Everybody To Kenmure Street reconstructs the events through the eyes of the people who were there: neighbors, passersby, parents, workers — many of them strangers. Despite the film’s political implications, and a U.S. premiere that comes in the wake of the murder of Renee Good by an ICE agent in Minneapolis, Bustos Sierra is careful about how he frames his work. “I think they are definitely films first,” he says. “But sometimes activism has tangible impacts. It’s only because people turn up and do the right thing.” The practical challenge was turning a chaotic, rapidly unfolding event into a coherent film. Bustos Sierra began the project during lockdown, making traditional production impossible. “The first six months were going through social media finding footage, reaching out to people,” he says. At the same time, he met participants for long walks, talking through what they saw and why they went to Kenmure Street. “I’ve been involved in solidarity campaigns most of my life, and yet I’ve never felt something like what the people on Kenmure Street felt,” Bustos Sierra says. Even seasoned activists were surprised by how quickly things shifted.
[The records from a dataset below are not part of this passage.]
lemma cball_subset_cart_grid_cells:
  fixes a :: "real^'m::finite"
  assumes "k > 0" "s > 0"
  shows "cball a s \<subseteq> (\<Union>g\<in>PiE UNIV (\<lambda>_. {..<k}). cart_grid_cell (\<chi> i. a$i - s) (2 * s / real k) g)"
proof
  fix u assume "u \<in> cball a s"
  define t where "t = 2 * s / real k"
  have "t > 0" using assms by (simp add: t_def)
  have "\<forall>i. \<exists>j<k. real j * t \<le> u$i - (a$i - s) \<and> u$i - (a$i - s) \<le> (real j + 1) * t"
  proof
    fix i
    have "\<bar>u$i - a$i\<bar> \<le> s"
      using \<open>u \<in> cball a s\<close> component_le_norm_cart[of "u - a" i]
      by (auto simp: dist_norm norm_minus_commute)
    then show "\<exists>j<k. real j * t \<le> u$i - (a$i - s) \<and> u$i - (a$i - s) \<le> (real j + 1) * t"
      using assms \<open>t > 0\<close> by (intro exists_grid_interval) (auto simp: t_def)
  qed
  from choice[OF this] obtain g
    where "\<forall>i. g i < k \<and> real (g i) * t \<le> u$i - (a$i - s) \<and> u$i - (a$i - s) \<le> (real (g i) + 1) * t"
    by blast
  then have "g \<in> PiE UNIV (\<lambda>_. {..<k})" "u \<in> cart_grid_cell (\<chi> i. a$i - s) t g"
    by (auto simp: PiE_UNIV_domain cart_grid_cell_def algebra_simps)
  then show "u \<in> (\<Union>g\<in>PiE UNIV (\<lambda>_. {..<k}). cart_grid_cell (\<chi> i. a$i - s) (2 * s / real k) g)"
    unfolding t_def by blast
qed

lemma bounded_diameter_le:
  fixes S :: "'a::metric_space set"
  assumes "d \<ge> 0" and dist_le: "\<And>x y. x \<in> S \<Longrightarrow> y \<in> S \<Longrightarrow> dist x y \<le> d"
  shows "bounded S" and "diameter S \<le> d"
proof -
  show "bounded S"
  proof (cases "S = {}")
    case False
    then obtain x0 where "x0 \<in> S" by blast
    then have "S \<subseteq> cball x0 d" using dist_le by auto
    then show ?thesis using bounded_cball bounded_subset by blast
  qed simp
  then show "diameter S \<le> d"
    using assms diameter_bounded_bound by (cases "S = {}") (auto simp: diameter_def intro!: cSUP_least)
qed
(* Let $\mathcal{U}$ be a separable Banach space with dual $\mathcal{U}^*$ and pairing $[\cdot,\cdot]$, with quadratic norm $\|u\|^2=[\mathcal{K}^{-1}u,u]$ for an invertible symmetric positive linear $\mathcal{K}:\mathcal{U}^*\to\mathcal{U}$. Let $\Omega\subseteq\mathbb{R}^d$ be bounded and consider the PDE $\mathcal{P}(u)=f$ in $\Omega$, $\mathcal{B}(u)=g$ on $\partial\Omega$, where there exist bounded linear $L_1,\dots,L_Q\in\mathcal{L}(\mathcal{U};C(\Omega))$ with $L_1,\dots,L_{Q_b}\in\mathcal{L}(\mathcal{U};C(\partial\Omega))$ ($1\le Q_b\le Q$) and maps $P:\mathbb{R}^Q\to\mathbb{R}$, $B:\mathbb{R}^{Q_b}\to\mathbb{R}$ with $\mathcal{P}(u)(\mathbf{x})=P(L_1(u)(\mathbf{x}),\dots,L_Q(u)(\mathbf{x}))$ on $\Omega$ and $\mathcal{B}(u)(\mathbf{x})=B(L_1(u)(\mathbf{x}),\dots,L_{Q_b}(u)(\mathbf{x}))$ on $\partial\Omega$. With $\boldsymbol{\phi}$, $N$, $\mathbf{y}$, $F$, $\Theta$, $\chi_n$ as in the context, assume $\Theta$ is invertible, and assume there is a map $\overline{F}:\mathbb{R}^{N-M}\times\mathbb{R}^M\to\mathbb{R}^N$ such that $F(\mathbf{z})=\mathbf{y}$ if and only if $\mathbf{z}=\overline{F}(\mathbf{w},\mathbf{y})$ for a unique $\mathbf{w}\in\mathbb{R}^{N-M}$. Then $u^\dagger$ is a minimizer of $$\min_{u\in\mathcal{U}}\|u\|\ \text{ s.t. }\ \mathcal{P}(u)(\mathbf{x}_m)=f(\mathbf{x}_m),\ 1\le m\le M_\Omega;\quad\mathcal{B}(u)(\mathbf{x}_m)=g(\mathbf{x}_m),\ M_\Omega<m\le M,$$ if and only if $u^\dagger=\sum_{n=1}^N z^\dagger_n\chi_n$ with $\mathbf{z}^\dagger=\overline{F}(\mathbf{w}^\dagger,\mathbf{y})$, where $\mathbf{w}^\dagger\in\mathbb{R}^{N-M}$ is a minimizer of $\min_{\mathbf{w}\in\mathbb{R}^{N-M}}\overline{F}(\mathbf{w},\mathbf{y})^T\Theta^{-1}\overline{F}(\mathbf{w},\mathbf{y})$.
   Context: Collocation points $\mathbf{x}_1,\dots,\mathbf{x}_{M_\Omega}\in\Omega$, $\mathbf{x}_{M_\Omega+1},\dots,\mathbf{x}_M\in\partial\Omega$. $\phi^{(q)}_m=\delta_{\mathbf{x}_m}\circ L_q$ for $1\le m\le M$ if $q\le Q_b$ and for $1\le m\le M_\Omega$ if $q>Q_b$; $\boldsymbol{\phi}=(\boldsymbol{\phi}^{(1)},\dots,\boldsymbol{\phi}^{(Q)})\in(\mathcal{U}^* )^N$, $N=MQ_b+M_\Omega(Q-Q_b)$. $y_m=f(\mathbf{x}_m)$ for $m\le M_\Omega$, $y_m=g(\mathbf{x}_m)$ otherwise. $F:\mathbb{R}^N\to\mathbb{R}^M$, $(F([\boldsymbol{\phi},u]))_m=P([\phi^{(1)}_m,u],\dots,[\phi^{(Q)}_m,u])$ for $m\le M_\Omega$ and $B([\phi^{(1)}_m,u],\dots,[\phi^{(Q_b)}_m,u])$ for $m>M_\Omega$. $\Theta_{i,n}=[\phi_i,\mathcal{K}\phi_n]$ over the entries $\phi_i$ of $\boldsymbol{\phi}$; $\chi_i=\sum_n(\Theta^{-1})_{i,n}\mathcal{K}\phi_n$. (The map $\overline{F}$ arises when the equations $P(v_1,\dots,v_Q)=y$ and $B(v_1,\dots,v_{Q_b})=y$ can be solved explicitly for one selected variable each.) *)

theory Defs
  imports "HOL-Analysis.Analysis"
begin

text \<open>Operators L q (q = 1..Q), collocation points x m (m = 1..M) are 1-indexed.
Finite-dimensional vectors (z in R^N, w in R^(N-M), y in R^M) are real lists (0-indexed).
The vector phi = (phi^(1),...,phi^(Q)) is the concatenation of Q blocks; block q has
M entries if q <= Qb and M_Omega entries otherwise.\<close>

definition blocksize :: "nat \<Rightarrow> nat \<Rightarrow> nat \<Rightarrow> nat \<Rightarrow> nat" where
  "blocksize Qb M MO q = (if q \<le> Qb then M else MO)"

definition block_offset :: "nat \<Rightarrow> nat \<Rightarrow> nat \<Rightarrow> nat \<Rightarrow> nat" where
  "block_offset Qb M MO q = (\<Sum>q'\<in>{1..<q}. blocksize Qb M MO q')"

definition num_meas :: "nat \<Rightarrow> nat \<Rightarrow> nat \<Rightarrow> nat \<Rightarrow> nat" where
  "num_meas Q Qb M MO = M * Qb + MO * (Q - Qb)"

definition phi_entry :: "(nat \<Rightarrow> 'u::real_normed_vector \<Rightarrow> 'x \<Rightarrow> real) \<Rightarrow> (nat \<Rightarrow> 'x) \<Rightarrow> nat \<Rightarrow> nat \<Rightarrow> ('u \<Rightarrow>\<^sub>L real)" where
  "phi_entry L x q m = Blinfun (\<lambda>u. L q u (x m))"

definition phi_list :: "(nat \<Rightarrow> 'u::real_normed_vector \<Rightarrow> 'x \<Rightarrow> real) \<Rightarrow> (nat \<Rightarrow> 'x) \<Rightarrow> nat \<Rightarrow> nat \<Rightarrow> nat \<Rightarrow> nat \<Rightarrow> ('u \<Rightarrow>\<^sub>L real) list" where
  "phi_list L x Q Qb M MO =
     concat (map (\<lambda>q. map (\<lambda>m. phi_entry L x q m) [1..<blocksize Qb M MO q + 1]) [1..<Q + 1])"

definition data_vec :: "('x \<Rightarrow> real) \<Rightarrow> ('x \<Rightarrow> real) \<Rightarrow> (nat \<Rightarrow> 'x) \<Rightarrow> nat \<Rightarrow> nat \<Rightarrow> real list" where
  "data_vec f g x M MO = map (\<lambda>m. if m \<le> MO then f (x m) else g (x m)) [1..<M + 1]"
“I’ve been involved in solidarity campaigns most of my life, and yet I’ve never felt something like what the people on Kenmure Street felt.”

A still from Everybody To Kenmure Street by Felipe Bustos Sierra, an official selection of the 2026 Sundance Film Festival. Courtesy of Sundance Institute.
A still from Everybody To Kenmure Street by Felipe Bustos Sierra, an official selection of the 2026 Sundance Film Festival. Courtesy of Sundance Institute.

The filmmaking mirrored that improvisation. “So much of this film is made from fragments … clips are three, four, five seconds long,” Bustos Sierra says. Some of that energy came from unexpected sources. Two professional cameramen initially arrived with cell phones, then returned with 4K cameras when they realized what was happening. Their footage became central to the film, but Bustos Sierra stresses that resistance and documentation were among many roles people took on, as many people came by just to bring food and water to help sustain the crowd. 

Truth was crucial, particularly given the abundance of misinformation that has spread surrounding the protest. Aside from minimal establishing shots, the film relies almost entirely on footage captured by those present. Building trust took time and eventually extended to the protest’s most mythologized figure, the man known as Van Man, who stopped the deportation van by climbing underneath it and refusing to move. To protect his identity, Bustos Sierra  came up with a bold solution: asking Oscar and BAFTA winning actress Emma Thompson to step into the role, speaking his words verbatim from under a mockup of the van. Thompson, who had reached out to express her admiration for Nae Pasaran, agreed immediately and also served as an executive producer on the film.

“It’s amazing what she can bring to just a few moments in the film.”

Before Thompson joined, Bustos Sierra recorded the lines himself as a placeholder. When she performed them, the impact was immediate. “When she started doing it, I was like, ‘Oh my God, this is gonna be fucking great.’” She delivered the rest in one take. “It’s amazing what she can bring to just a few moments in the film,” he says.

Everybody To Kenmure Street is less about a single act than about what can be achieved by a unified front standing up to injustice. By showing how ordinary people organized themselves in real time to protect their neighbors, Bustos Sierra’s film insists that power is not abstract or distant. It is, as Kenmure Street demonstrated, already in the hands of those willing to show up — and who live by the ethos: I won’t be afraid, just as long as you stand by me.